theorem lemma2p3:
  fixes H :: "nat \<Rightarrow> nat \<Rightarrow> bool" and k :: nat
    and d :: "nat list" and M :: nat and idx :: "nat \<Rightarrow> nat"
  assumes H: "is_graph k H"
    and H_sorted: "\<And>j j'. j \<le> j' \<Longrightarrow> j' < k \<Longrightarrow> degree k H j' \<le> degree k H j"
    and graphic: "graphic d"
    and bound: "\<forall>x \<in> set d. x \<le> M"
    and idx_range: "\<And>j. j < k \<Longrightarrow> idx j < length d"
    and idx_inj: "inj_on idx {0..<k}"
    and idx_deg: "\<And>j. j < k \<Longrightarrow> d ! (idx j) \<ge> degree k H j"
    and pos: "card {i. i < length d \<and> d ! i > 0} \<ge> 2 * M ^ 2 + k"
  shows "\<exists>G. realizes G d \<and>
           (\<forall>j j'. j < k \<longrightarrow> j' < k \<longrightarrow> H j j' \<longrightarrow> G (idx j) (idx j'))"
proof -
  define missing where
    "missing G = {(j, j'). j < k \<and> j' < k \<and> H j j' \<and> \<not> G (idx j) (idx j')}" for G :: "nat \<Rightarrow> nat \<Rightarrow> bool"
  have finite_missing: "finite (missing G)" for G
    by (rule finite_subset[of _ "{..<k} \<times> {..<k}"]) (auto simp: missing_def)
  obtain G0 where "realizes G0 d" using graphic unfolding graphic_def by blast
  then obtain G where G: "realizes G d"
    and least: "\<And>G'. realizes G' d \<Longrightarrow> card (missing G) \<le> card (missing G')"
    using ex_has_least_nat[of "\<lambda>G. realizes G d" G0 "\<lambda>G. card (missing G)"] by blast
  have "missing G = {}"
  proof (rule ccontr)
    assume "missing G \<noteq> {}"
    then obtain j0 j1 where jj: "(j0, j1) \<in> missing G" by auto
    then have j: "j0 < k" "j1 < k" "H j0 j1" "\<not> G (idx j0) (idx j1)" unfolding missing_def by auto
    obtain G' where G': "realizes G' d" "G' (idx j0) (idx j1)"
      "\<forall>j j'. j < k \<longrightarrow> j' < k \<longrightarrow> H j j' \<longrightarrow> G (idx j) (idx j') \<longrightarrow> G' (idx j) (idx j')"
      using realization_with_copy_edge[OF H bound idx_range idx_inj idx_deg pos G j] by blast
    have "missing G' \<subseteq> missing G - {(j0, j1)}" using G'(2,3) unfolding missing_def by auto
    then have "missing G' \<subset> missing G" using jj by blast
    then have "card (missing G') < card (missing G)" by (rule psubset_card_mono[OF finite_missing])
    then show False using least[OF G'(1)] by simp
  qed
  then show ?thesis using G unfolding missing_def by blast
qed

end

__EXERCISE__. Copy out exactly the line holding "(rule psubset_card_mono[OF finite_missing])" and each line after it through the end of the entries, and leave out everything else.

__SOLUTION FOR THIS TASK__.
    then have "card (missing G') < card (missing G)" by (rule psubset_card_mono[OF finite_missing])
    then show False using least[OF G'(1)] by simp
  qed
  then show ?thesis using G unfolding missing_def by blast
qed

end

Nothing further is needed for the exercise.